Contractual limitation of liability
May parties contract out of any legal provisions governing cargo liability?
In principle, all terms and conditions within contracts of carriage, bills of lading or other documents for carriage by sea that directly or indirectly limit the carrier’s liability or relieve it of liability in advance are invalid. However, once liability arises, the parties are free to enter into such agreements. There are some exceptions to this rule such as the carriage of livestock and deck carriage. Further, the rule barring contractual limitation and relief does not apply to voyage charterparties, except with regard to the relationship between the holder of the bill of lading and the carrier where a bill of lading has been issued pursuant to the voyage charterparty.
Title to sue
Who has title to sue on a bill of lading?
The lawful holder of a bill of lading has title to sue the carrier. The relationship between the shipper and the carrier is subject to the terms of the contract of carriage.
What is the time bar for cargo claims?
Claims against the carrier arising out of the loss of, damage to or delay in delivery of the goods lapse unless legal proceedings are commenced within one year. An action for recourse may be brought even after the one-year period expires, provided that the proceedings are brought within 90 days of the date on which the person bringing such recourse action has settled the claim or has been served with process in the action against itself. This period may be extended if the parties so agree after the cause of action has arisen.
Definition of ‘carrier’ and ‘goods’
How are ‘carrier’ and ‘goods’ defined in respect of cargo claims? Is there any especially pertinent case law on this issue?
In principle, the person considered to be the carrier is:
- the person who signed the bill of lading; or
- the person on behalf of whom the bill of lading was signed.
On the other hand, there is no detailed definition of ‘goods’ in the Commercial Code and it has been stipulated that every type of cargo will be considered goods.
Defences available to carrier
Under what circumstances may the carrier rely on the perils of the sea defence? What other defences are available to the carrier?

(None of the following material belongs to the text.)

(* Let $\lambda=\langle1^{m_1},2^{m_2},\dots,k^{m_k}\rangle$ with all $m_i>0$, $n\ge1$, $x_1,\dots,x_n>0$, $t>0$. For $1\le j\le k$ let $M_j=m_j+\dots+m_k$ and $M_{k+1}=0$. Under the stationary distribution of the mTAZRP of type $\lambda$ on $n$ sites, the expected number of particles of species $j$ at site $1$ is $$\langle\tau^{(j)}_1\rangle=x_1\frac{\partial}{\partial x_1}\log\left(\frac{\widetilde H_{\langle1^{M_j}\rangle}(x_1,\dots,x_n;1,t)}{\widetilde H_{\langle1^{M_{j+1}}\rangle}(x_1,\dots,x_n;1,t)}\right),$$ with $\widetilde H_{\langle1^0\rangle}:=1$.
   Context: mTAZRP: for a partition $\lambda$ and $n\ge1$, sites $1,\dots,n$ on a ring (site $n+1$ is site $1$); a configuration assigns to each site a multiset of species with union the multiset of parts of $\lambda$; if site $j$ has $c$ particles of species $r$ and $d$ of species larger than $r$, a particle of species $r$ jumps from $j$ to $j+1$ at rate $x_j^{-1}t^d(1+t+\dots+t^{c-1})$. $\langle1^{m_1},\dots,k^{m_k}\rangle$ denotes the partition with part $i$ occurring $m_i$ times. Notation: $[a]_t=1+t+\dots+t^{a-1}$, $[a]_t!=\prod_{b\le a}[b]_t$, $\begin{bmatrix}m\\ \eta_1,\dots,\eta_n\end{bmatrix}_t=[m]_t!/\prod_i[\eta_i]_t!$, and $\widetilde H_{\langle1^m\rangle}(x_1,\dots,x_n;1,t)=\sum_{\eta_1+\dots+\eta_n=m,\ \eta_i\ge0}\begin{bmatrix}m\\ \eta_1,\dots,\eta_n\end{bmatrix}_t\prod_i x_i^{\eta_i}$. *)

theory Defs
  imports "HOL-Analysis.Analysis"
begin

There is no blanket precedent to determine the circumstance under which the carrier can rely on the perils of the sea defence; therefore, the facts of each case should be determined separately. According to Article 1182 of the Commercial Code, the carrier will not be held responsible if the loss or damage arose from:
- perils and accidents that occur at sea or on other waters on which the vessel can operate;
- acts of war, commotions and riots, acts of public enemies, orders by authorities or quarantine restrictions;
- court-ordered seizures;
- strikes, lockouts or other labour restraints;
- acts or omissions of the shipper or the owner of the goods and their agents or representatives;
- wastage in volume or weight by itself or an inherent defect of the goods or the natural type or quality of the goods;
- insufficient packing; and
- insufficient markings.
In addition, the carrier will not be held responsible if the loss is a result of an act related to navigation or technical management of the ship or a fire, unless caused by its own fault. The carrier is also not liable for loss that has arisen while saving or attempting to save life or property at sea.
What legal protections and defences against cargo claims are available to agents of the carrier and other third parties (eg, Himalaya clauses)?

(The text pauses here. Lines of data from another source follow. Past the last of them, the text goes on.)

lemma C1_fun_tensor:
  fixes f :: "'a::euclidean_space \<Rightarrow> real"
  assumes g: "\<And>x. (g has_real_derivative g' x) (at x)" and g': "continuous_on UNIV g'"
    and f: "C1_fun f"
  shows "C1_fun (tensor g f)"
    and "pd (tensor g f) (1, 0) = tensor g' f"
    and "\<And>w. w \<in> Basis \<Longrightarrow> pd (tensor g f) (0, w) = tensor g (pd f w)"
proof -
  have "continuous_on UNIV g" using g by (meson DERIV_isCont continuous_at_imp_continuous_on)
  moreover have f_diff: "\<And>w x. w \<in> Basis \<Longrightarrow> (\<lambda>h. f (x + h *\<^sub>R w)) differentiable (at 0)"
    and "continuous_on UNIV f" and "\<And>w. w \<in> Basis \<Longrightarrow> continuous_on UNIV (pd f w)"
    using f unfolding C1_fun_def by auto
  moreover show pd_fst: "pd (tensor g f) (1, 0) = tensor g' f"
    using pd_tensor_fst(2)[of g g', OF g] by (intro ext) (simp add: tensor_def[of g'])
  moreover show pd_snd: "\<And>w. w \<in> Basis \<Longrightarrow> pd (tensor g f) (0, w) = tensor g (pd f w)"
    using pd_tensor_snd(2)[OF f_diff] by (auto simp: tensor_def[of g "pd f w" for w])
  moreover have "(\<lambda>h. tensor g f (z + h *\<^sub>R v)) differentiable (at 0)" if "v \<in> Basis" for v z
    using that
  proof (cases rule: Basis_prod_cases)
    case 1
    then show ?thesis using pd_tensor_fst(1)[of g g' z f, OF g] by simp
  next
    case (2 w)
    then show ?thesis using pd_tensor_snd(1)[OF f_diff[of w "snd z"], where g = g] by simp
  qed
  ultimately show "C1_fun (tensor g f)"
    unfolding C1_fun_def
    by (auto elim!: Basis_prod_cases intro!: continuous_on_tensor g')
qed

lemma C2_fun_tensor:
  fixes f :: "'a::euclidean_space \<Rightarrow> real"
  assumes g: "C2_with_derivs g g' g''" and f: "C2_fun f"
  shows "C2_fun (tensor g f)"
proof -
  note g_facts = C2_with_derivsD[OF g]
  have f1: "C1_fun f" and f2: "\<And>w. w \<in> Basis \<Longrightarrow> C1_fun (pd f w)"
    using f unfolding C2_fun_def by auto
  note tensor_g = C1_fun_tensor[OF g_facts(1,4) f1]
  have "C1_fun (tensor g' f)" by (rule C1_fun_tensor(1)[OF g_facts(2,5) f1])
  moreover have "C1_fun (tensor g (pd f w))" if "w \<in> Basis" for w
    by (rule C1_fun_tensor(1)[OF g_facts(1,4) f2[OF that]])
  ultimately show ?thesis
    unfolding C2_fun_def using tensor_g by (auto elim!: Basis_prod_cases)
qed

lemma C2c_tensor:
  fixes f :: "'a::euclidean_space \<Rightarrow> real"
  assumes "C2_with_derivs g g' g''" "bounded {m. g m \<noteq> 0}" "C2c f"
  shows "C2c (tensor g f)"
proof -
  have "{z. tensor g f z \<noteq> 0} \<subseteq> {m. g m \<noteq> 0} \<times> closure {x. f x \<noteq> 0}"
    using closure_subset by (force simp: tensor_def)
  moreover have "bounded ({m. g m \<noteq> 0} \<times> closure {x. f x \<noteq> 0})"
    using assms(3) unfolding C2c_def by (intro bounded_Times[OF assms(2)] compact_imp_bounded) auto
  ultimately show ?thesis
    using C2_fun_tensor[OF assms(1)] assms(3)
    unfolding C2c_def by (auto simp: compact_closure intro: bounded_subset)
qed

In principle, any Himalaya-type clause is valid under Turkish law. Additionally, the Commercial Code clearly stipulates that save for the exceptions specified above, the carrier will be liable for losses resulting from the fault or negligence of all responsible persons in the performance of the contract of carriage.

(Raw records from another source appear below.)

(* Let $L>0$, $M>0$ and let $N$ satisfy $$0\le N\le \frac{4M}{L^3}\,\sigma(\sqrt M L).$$ Let $p\in L^1[0,L]$ and let $y\in W^{4,1}[0,L]$ be the solution of $$y^{(4)}(x)-My''(x)+N\int_0^L y(t)\,dt=p(x)\ \ \text{a.e. in }(0,L),\qquad y(0)=y(L)=y''(0)=y''(L)=0.$$ If $p\ge 0$ a.e., then $y\ge 0$ and $y''\le 0$ on $[0,L]$. If $p\le 0$ a.e., then $y\le0$ and $y''\ge 0$ on $[0,L]$.
   Context: For $t>0$, $$\sigma(t):=\frac{3t^3}{6t\cosh t+6t-12\sinh t-t^3}.$$ (The denominator is positive for $t>0$.) *)

theory Defs
  imports "HOL-Analysis.Analysis"
begin

definition sigma :: "real \<Rightarrow> real" where
  "sigma t = 3 * t ^ 3 / (6 * t * cosh t + 6 * t - 12 * sinh t - t ^ 3)"

text \<open>Membership of y in W^{4,1}[0,L], with its derivatives made explicit:
  y, y1, y2 are continuously chained classical derivatives on [0,L] (one-sided at
  the endpoints), y3 is absolutely continuous, i.e. the indefinite integral of an
  L^1 function y4 (its a.e. derivative).\<close>
definition W41_on :: "real \<Rightarrow> (real \<Rightarrow> real) \<Rightarrow> (real \<Rightarrow> real) \<Rightarrow> (real \<Rightarrow> real)
    \<Rightarrow> (real \<Rightarrow> real) \<Rightarrow> (real \<Rightarrow> real) \<Rightarrow> bool" where
  "W41_on L y y1 y2 y3 y4 \<longleftrightarrow>
     (\<forall>x\<in>{0..L}. (y has_real_derivative y1 x) (at x within {0..L})
               \<and> (y1 has_real_derivative y2 x) (at x within {0..L})
               \<and> (y2 has_real_derivative y3 x) (at x within {0..L}))
   \<and> y4 absolutely_integrable_on {0..L}
   \<and> (\<forall>x\<in>{0..L}. y3 x = y3 0 + integral {0..x} y4)"

end

theory Submission
  imports Defs
begin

In cases where the carrier appoints a sub-carrier as an actual carrier to perform part or all of the carriage, the carrier will remain liable for the acts and omissions of the actual carrier and its employees, agents and servants. However, the parties to the contract of carriage may agree that the carrier will not be liable for any loss, damage or delay while the goods are in the actual carrier’s possession.
Deviation from route
Under what circumstances is deviation from the agreed route allowed?
If the master deviates from the agreed route to save life or property or for another justifiable reason, this will not affect the rights and obligations of the parties and the carrier will not be liable for any loss that may arise as a result of the deviation.
Claims against shipper
What claims can the carrier pursue in respect of the shipper’s failure to meet its obligations?
The shipper will be liable for any loss suffered by the carrier that may arise from damage to or loss of the vessel or any other cause if the loss was caused by the negligence of the shipper or its employees or agents.
The carrier has a contractual right to detain goods for any claims arising out of the contract of carriage for as long as the goods are in its possession and for 30 days after the goods have been delivered, provided that they are still in the receiver’s possession.
Multimodal carriage of goods
How is multimodal carriage regulated in your jurisdiction?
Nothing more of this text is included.